* [Exercise]: Determine how many lines below include the string "also". Reply with the number only.

* [Task material]:
(* Let $m>2$ be a positive integer and let $n,k$ be positive integers. Then: (1) For all $i\in\{0,1,\dots,n-1\}$ and $j\in\{0,1,\dots,k-1\}$, $|\mathrm{WHom}^{ij}(P_m,P_n\square P_k)|=|\mathrm{WHom}^{(n-i-1)j}(P_m,P_n\square P_k)|=|\mathrm{WHom}^{i(k-j-1)}(P_m,P_n\square P_k)|=|\mathrm{WHom}^{(n-i-1)(k-j-1)}(P_m,P_n\square P_k)|$. (2) $|\mathrm{WHom}(P_m,P_{2n}\square P_{2k})|=4\sum_{i=0}^{n-1}\sum_{j=0}^{k-1}|\mathrm{WHom}^{ij}(P_m,P_{2n}\square P_{2k})|$. (3) $|\mathrm{WHom}(P_m,P_{2n+1}\square P_{2k})|=4\sum_{i=0}^{n-1}\sum_{j=0}^{k-1}|\mathrm{WHom}^{ij}(P_m,P_{2n+1}\square P_{2k})|+2\sum_{j=0}^{k-1}|\mathrm{WHom}^{nj}(P_m,P_{2n+1}\square P_{2k})|$. (4) $|\mathrm{WHom}(P_m,P_{2n}\square P_{2k+1})|=4\sum_{i=0}^{n-1}\sum_{j=0}^{k-1}|\mathrm{WHom}^{ij}(P_m,P_{2n}\square P_{2k+1})|+2\sum_{i=0}^{n-1}|\mathrm{WHom}^{ik}(P_m,P_{2n}\square P_{2k+1})|$. (5) $|\mathrm{WHom}(P_m,P_{2n+1}\square P_{2k+1})|=4\sum_{i=0}^{n-1}\sum_{j=0}^{k-1}|\mathrm{WHom}^{ij}(P_m,P_{2n+1}\square P_{2k+1})|+2\sum_{j=0}^{k-1}|\mathrm{WHom}^{nj}(P_m,P_{2n+1}\square P_{2k+1})|+2\sum_{i=0}^{n-1}|\mathrm{WHom}^{ik}(P_m,P_{2n+1}\square P_{2k+1})|+|\mathrm{WHom}^{nk}(P_m,P_{2n+1}\square P_{2k+1})|$.
   Context: For a positive integer $n$, $P_n$ denotes the path with vertex set $\{0,1,\dots,n-1\}$ and edge set $\{\{i,i+1\} : i=0,\dots,n-2\}$. The Cartesian product $P_n\square P_k$ has vertex set $\{0,\dots,n-1\}\times\{0,\dots,k-1\}$, with $\{(a,u),(b,v)\}$ an edge iff either $a=b$ and $\{u,v\}\in E(P_k)$, or $\{a,b\}\in E(P_n)$ and $u=v$. A weak homomorphism from a graph $G$ to a graph $H$ is a map $f:V(G)\to V(H)$ such that for every edge $\{x,y\}\in E(G)$, either $f(x)=f(y)$ or $\{f(x),f(y)\}\in E(H)$. $\mathrm{WHom}(G,H)$ is the set of weak homomorphisms from $G$ to $H$, and $\mathrm{WHom}^{ij}(P_m,P_n\square P_k)$ is the set of those $f\in\mathrm{WHom}(P_m,P_n\square P_k)$ with $f(0)=(i,j)$. *)

theory Defs
  imports Main
begin

definition path_verts :: "nat \<Rightarrow> nat set" where
  "path_verts n = {0..<n}"

definition path_edge :: "nat \<Rightarrow> nat \<Rightarrow> nat \<Rightarrow> bool" where
  "path_edge n u v \<longleftrightarrow> u < n \<and> v < n \<and> (v = u + 1 \<or> u = v + 1)"

definition grid_verts :: "nat \<Rightarrow> nat \<Rightarrow> (nat \<times> nat) set" where
  "grid_verts n k = path_verts n \<times> path_verts k"

definition grid_edge :: "nat \<Rightarrow> nat \<Rightarrow> nat \<times> nat \<Rightarrow> nat \<times> nat \<Rightarrow> bool" where
  "grid_edge n k p q \<longleftrightarrow>
     (fst p = fst q \<and> fst p < n \<and> path_edge k (snd p) (snd q)) \<or>
     (path_edge n (fst p) (fst q) \<and> snd p = snd q \<and> snd p < k)"

(* Weak homomorphisms P_m \<rightarrow> P_n \<box> P_k, represented as functions on nat that
   are arbitrary-but-fixed (undefined) outside {0..<m}, so that each map
   V(P_m) \<rightarrow> V(P_n \<box> P_k) corresponds to exactly one element. *)
definition WHom :: "nat \<Rightarrow> nat \<Rightarrow> nat \<Rightarrow> (nat \<Rightarrow> nat \<times> nat) set" where
  "WHom m n k = {f. (\<forall>x. x < m \<longrightarrow> f x \<in> grid_verts n k) \<and>
                   (\<forall>x. x \<ge> m \<longrightarrow> f x = undefined) \<and>
                   (\<forall>x y. path_edge m x y \<longrightarrow> f x = f y \<or> grid_edge n k (f x) (f y))}"

definition WHom_at :: "nat \<Rightarrow> nat \<Rightarrow> nat \<Rightarrow> nat \<Rightarrow> nat \<Rightarrow> (nat \<Rightarrow> nat \<times> nat) set" where
  "WHom_at m n k i j = {f \<in> WHom m n k. f 0 = (i, j)}"

end

theory Submission
  imports Defs "HOL-Library.FuncSet"
begin

(* Reflecting P_n \<box> P_k in either coordinate is an involutive automorphism, and post-composing
   with it maps the weak homomorphisms starting at (i, j) bijectively onto those starting at the
   reflected vertex; this gives (1). Classifying WHom by the image of vertex 0 writes its size as a
   double sum over the grid, which the two reflections fold onto one quadrant: vertices off the
   middle row and column are counted four times, those on exactly one middle line twice, and the
   centre once. *)

definition postcomp :: "nat \<Rightarrow> (nat \<times> nat \<Rightarrow> nat \<times> nat) \<Rightarrow> (nat \<Rightarrow> nat \<times> nat) \<Rightarrow> nat \<Rightarrow> nat \<times> nat" where
  "postcomp m r f = (\<lambda>x. if x < m then r (f x) else undefined)"

lemma postcomp_in_WHom:
  assumes "\<And>p. p \<in> grid_verts n k \<Longrightarrow> r p \<in> grid_verts n' k'"
    and "\<And>p q. grid_edge n k p q \<Longrightarrow> r p = r q \<or> grid_edge n' k' (r p) (r q)"
    and "f \<in> WHom m n k"
  shows "postcomp m r f \<in> WHom m n' k'"
proof -
  have "postcomp m r f x = postcomp m r f y \<or> grid_edge n' k' (postcomp m r f x) (postcomp m r f y)"
    if "path_edge m x y" for x y
  proof -
    have "x < m" "y < m"
      using that by (auto simp: path_edge_def)
    moreover have "f x = f y \<or> grid_edge n k (f x) (f y)"
      using that \<open>f \<in> WHom m n k\<close> by (simp add: WHom_def)
    ultimately show ?thesis
      using assms(2)[of "f x" "f y"] by (auto simp: postcomp_def)
  qed
  then show ?thesis
    using assms(1,3) by (simp add: WHom_def postcomp_def)
qed

lemma card_WHom_at_involution:
  assumes maps: "\<And>p. p \<in> grid_verts n k \<Longrightarrow> r p \<in> grid_verts n k"
    and edges: "\<And>p q. grid_edge n k p q \<Longrightarrow> r p = r q \<or> grid_edge n k (r p) (r q)"
    and invol: "\<And>p. p \<in> grid_verts n k \<Longrightarrow> r (r p) = p"
    and "m > 0" and "(i, j) \<in> grid_verts n k" and "r (i, j) = (i', j')"
  shows "card (WHom_at m n k i j) = card (WHom_at m n k i' j')"
proof -
  have postcomp_invol: "postcomp m r (postcomp m r f) = f" if "f \<in> WHom m n k" for f
  proof
    fix x
    show "postcomp m r (postcomp m r f) x = f x"
      using that invol[of "f x"] by (auto simp: postcomp_def WHom_def)
  qed
  have "r (i', j') = (i, j)"
    using invol[OF \<open>(i, j) \<in> grid_verts n k\<close>] \<open>r (i, j) = (i', j')\<close> by simp
  then have "bij_betw (postcomp m r) (WHom_at m n k i j) (WHom_at m n k i' j')"
    using postcomp_invol postcomp_in_WHom[OF maps edges] assms
    by (intro bij_betw_byWitness[where f' = "postcomp m r"]) (auto simp: WHom_at_def postcomp_def)
  then show ?thesis
    by (rule bij_betw_same_card)
qed

lemma card_WHom_at_flip_fst:
  assumes "m > 0" "i < n" "j < k"
  shows "card (WHom_at m n k i j) = card (WHom_at m n k (n - 1 - i) j)"
  by (rule card_WHom_at_involution[where r = "\<lambda>(a, b). (n - 1 - a, b)"])
    (use assms in \<open>auto simp: grid_verts_def path_verts_def grid_edge_def path_edge_def\<close>)

lemma card_WHom_at_flip_snd:
  assumes "m > 0" "i < n" "j < k"
  shows "card (WHom_at m n k i j) = card (WHom_at m n k i (k - 1 - j))"
  by (rule card_WHom_at_involution[where r = "\<lambda>(a, b). (a, k - 1 - b)"])
    (use assms in \<open>auto simp: grid_verts_def path_verts_def grid_edge_def path_edge_def\<close>)

lemma card_WHom_at_reflections:
  assumes "m > 0" "i < n" "j < k"
  shows "card (WHom_at m n k i j) = card (WHom_at m n k (n - i - 1) j)"
    and "card (WHom_at m n k (n - i - 1) j) = card (WHom_at m n k i (k - j - 1))"
    and "card (WHom_at m n k i (k - j - 1)) = card (WHom_at m n k (n - i - 1) (k - j - 1))"
proof -
  have "n - i - 1 < n"
    using \<open>i < n\<close> by simp
  have fst: "card (WHom_at m n k i j) = card (WHom_at m n k (n - i - 1) j)"
    using card_WHom_at_flip_fst[OF assms] by simp
  have snd: "card (WHom_at m n k i j) = card (WHom_at m n k i (k - j - 1))"
    using card_WHom_at_flip_snd[OF assms] by simp
  have fst_snd: "card (WHom_at m n k (n - i - 1) j) = card (WHom_at m n k (n - i - 1) (k - j - 1))"
    using card_WHom_at_flip_snd[OF \<open>m > 0\<close> \<open>n - i - 1 < n\<close> \<open>j < k\<close>] by simp
  show "card (WHom_at m n k i j) = card (WHom_at m n k (n - i - 1) j)"
    and "card (WHom_at m n k (n - i - 1) j) = card (WHom_at m n k i (k - j - 1))"
    and "card (WHom_at m n k i (k - j - 1)) = card (WHom_at m n k (n - i - 1) (k - j - 1))"
    using fst snd fst_snd by linarith+
qed

lemma finite_WHom: "finite (WHom m n k)"
proof (rule finite_subset)
  show "WHom m n k \<subseteq> PiE {..<m} (\<lambda>_. grid_verts n k)"
    by (auto simp: WHom_def PiE_def extensional_def)
  show "finite (PiE {..<m} (\<lambda>_. grid_verts n k))"
    by (rule finite_PiE) (auto simp: grid_verts_def path_verts_def)
qed

lemma card_WHom_eq_sum_card_WHom_at:
  assumes "m > 0"
  shows "card (WHom m n k) = (\<Sum>i<n. \<Sum>j<k. card (WHom_at m n k i j))"
proof -
  have partition: "WHom m n k = (\<Union>p\<in>grid_verts n k. WHom_at m n k (fst p) (snd p))"
    using assms by (auto simp: WHom_def WHom_at_def)
  have "card (WHom m n k) = (\<Sum>p\<in>grid_verts n k. card (WHom_at m n k (fst p) (snd p)))"
    unfolding partition by (intro card_UN_disjoint)
      (auto simp: grid_verts_def path_verts_def WHom_at_def intro: finite_subset[OF _ finite_WHom])
  also have "\<dots> = (\<Sum>i<n. \<Sum>j<k. card (WHom_at m n k i j))"
    by (simp add: grid_verts_def path_verts_def atLeast0LessThan sum.cartesian_product split_def)
  finally show ?thesis .
qed

lemma sum_lessThan_add_nat:
  fixes g :: "nat \<Rightarrow> 'a::comm_monoid_add"
  shows "(\<Sum>i<a + b. g i) = (\<Sum>i<a. g i) + (\<Sum>i<b. g (a + i))"
  by (induction b) (simp_all add: add.assoc)

lemma sum_lessThan_mirror_symmetric:
  fixes h :: "nat \<Rightarrow> 'a::comm_semiring_1"
  assumes "\<And>i. i < N \<Longrightarrow> h i = h (N - 1 - i)"
  shows "(\<Sum>i<N. h i) = 2 * (\<Sum>i<N div 2. h i) + (if odd N then h (N div 2) else 0)"
proof -
  define a where "a = N div 2"
  define c where "c = N mod 2"
  have N_split: "N = (a + c) + a"
    unfolding a_def c_def by presburger
  have "(\<Sum>i<a. h (a + c + i)) = (\<Sum>i<a. h (a - Suc i))"
  proof (rule sum.cong)
    fix i
    assume "i \<in> {..<a}"
    then show "h (a + c + i) = h (a - Suc i)"
      using assms[of "a + c + i"] N_split by simp
  qed simp
  also have "\<dots> = (\<Sum>i<a. h i)"
    by (rule sum.nat_diff_reindex)
  finally have upper: "(\<Sum>i<a. h (a + c + i)) = (\<Sum>i<a. h i)" .
  have middle: "(\<Sum>i<c. h (a + i)) = (if odd N then h a else 0)"
    by (simp add: c_def odd_iff_mod_2_eq_one)
  have "(\<Sum>i<N. h i) = (\<Sum>i<a. h i) + (\<Sum>i<c. h (a + i)) + (\<Sum>i<a. h (a + c + i))"
    by (subst N_split) (simp only: sum_lessThan_add_nat)
  also have "\<dots> = 2 * (\<Sum>i<a. h i) + (if odd N then h a else 0)"
    unfolding upper middle by (simp add: mult_2 add_ac)
  finally show ?thesis
    by (simp only: a_def)
qed

lemma double_sum_lessThan_mirror_symmetric:
  fixes c :: "nat \<Rightarrow> nat \<Rightarrow> 'a::comm_semiring_1"
  assumes row: "\<And>i j. i < N \<Longrightarrow> j < K \<Longrightarrow> c i j = c (N - 1 - i) j"
    and col: "\<And>i j. i < N \<Longrightarrow> j < K \<Longrightarrow> c i j = c i (K - 1 - j)"
  shows "(\<Sum>i<N. \<Sum>j<K. c i j) =
           4 * (\<Sum>i<N div 2. \<Sum>j<K div 2. c i j)
         + (if odd N then 2 * (\<Sum>j<K div 2. c (N div 2) j) else 0)
         + (if odd K then 2 * (\<Sum>i<N div 2. c i (K div 2)) else 0)
         + (if odd N \<and> odd K then c (N div 2) (K div 2) else 0)"
proof -
  define r where "r i = 2 * (\<Sum>j<K div 2. c i j) + (if odd K then c i (K div 2) else 0)" for i
  have row_sum: "(\<Sum>j<K. c i j) = r i" if "i < N" for i
    unfolding r_def by (rule sum_lessThan_mirror_symmetric) (rule col[OF that])
  have "(\<Sum>i<N. \<Sum>j<K. c i j) = 2 * (\<Sum>i<N div 2. \<Sum>j<K. c i j) + (if odd N then \<Sum>j<K. c (N div 2) j else 0)"
  proof (rule sum_lessThan_mirror_symmetric)
    fix i
    assume "i < N"
    then show "(\<Sum>j<K. c i j) = (\<Sum>j<K. c (N - 1 - i) j)"
      by (intro sum.cong refl row) auto
  qed
  also have "(\<Sum>i<N div 2. \<Sum>j<K. c i j) = (\<Sum>i<N div 2. r i)"
    by (intro sum.cong refl row_sum) auto
  also have "(if odd N then \<Sum>j<K. c (N div 2) j else 0) = (if odd N then r (N div 2) else 0)"
    using row_sum[of "N div 2"] by (auto elim: oddE)
  finally show ?thesis
    by (cases "odd N"; cases "odd K") (simp_all add: r_def sum.distrib sum_distrib_left algebra_simps)
qed

theorem lemma1:
  fixes m n k :: nat
  assumes "m > 2" and "n > 0" and "k > 0"
  shows
   "(\<forall>i<n. \<forall>j<k.
       card (WHom_at m n k i j) = card (WHom_at m n k (n - i - 1) j) \<and>
       card (WHom_at m n k (n - i - 1) j) = card (WHom_at m n k i (k - j - 1)) \<and>
       card (WHom_at m n k i (k - j - 1)) = card (WHom_at m n k (n - i - 1) (k - j - 1)))
    \<and> card (WHom m (2*n) (2*k)) =
        4 * (\<Sum>i<n. \<Sum>j<k. card (WHom_at m (2*n) (2*k) i j))
    \<and> card (WHom m (2*n+1) (2*k)) =
        4 * (\<Sum>i<n. \<Sum>j<k. card (WHom_at m (2*n+1) (2*k) i j))
        + 2 * (\<Sum>j<k. card (WHom_at m (2*n+1) (2*k) n j))
    \<and> card (WHom m (2*n) (2*k+1)) =
        4 * (\<Sum>i<n. \<Sum>j<k. card (WHom_at m (2*n) (2*k+1) i j))
        + 2 * (\<Sum>i<n. card (WHom_at m (2*n) (2*k+1) i k))
    \<and> card (WHom m (2*n+1) (2*k+1)) =
        4 * (\<Sum>i<n. \<Sum>j<k. card (WHom_at m (2*n+1) (2*k+1) i j))
        + 2 * (\<Sum>j<k. card (WHom_at m (2*n+1) (2*k+1) n j))
        + 2 * (\<Sum>i<n. card (WHom_at m (2*n+1) (2*k+1) i k))
        + card (WHom_at m (2*n+1) (2*k+1) n k)"
proof -
  have "m > 0"
    using \<open>m > 2\<close> by simp
  let ?c = "\<lambda>N K i j. card (WHom_at m N K i j)"
  have card_WHom: "card (WHom m N K) =
           4 * (\<Sum>i<N div 2. \<Sum>j<K div 2. ?c N K i j)
         + (if odd N then 2 * (\<Sum>j<K div 2. ?c N K (N div 2) j) else 0)
         + (if odd K then 2 * (\<Sum>i<N div 2. ?c N K i (K div 2)) else 0)
         + (if odd N \<and> odd K then ?c N K (N div 2) (K div 2) else 0)" for N K
    unfolding card_WHom_eq_sum_card_WHom_at[OF \<open>m > 0\<close>]
    using card_WHom_at_flip_fst[OF \<open>m > 0\<close>] card_WHom_at_flip_snd[OF \<open>m > 0\<close>]
    by (rule double_sum_lessThan_mirror_symmetric)
  show ?thesis
    by (intro conjI allI impI card_WHom_at_reflections[OF \<open>m > 0\<close>])
      (simp_all add: card_WHom[of "2*n" "2*k"] card_WHom[of "Suc (2*n)" "2*k"]
        card_WHom[of "2*n" "Suc (2*k)"] card_WHom[of "Suc (2*n)" "Suc (2*k)"])
qed

end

* [Written answer]: 5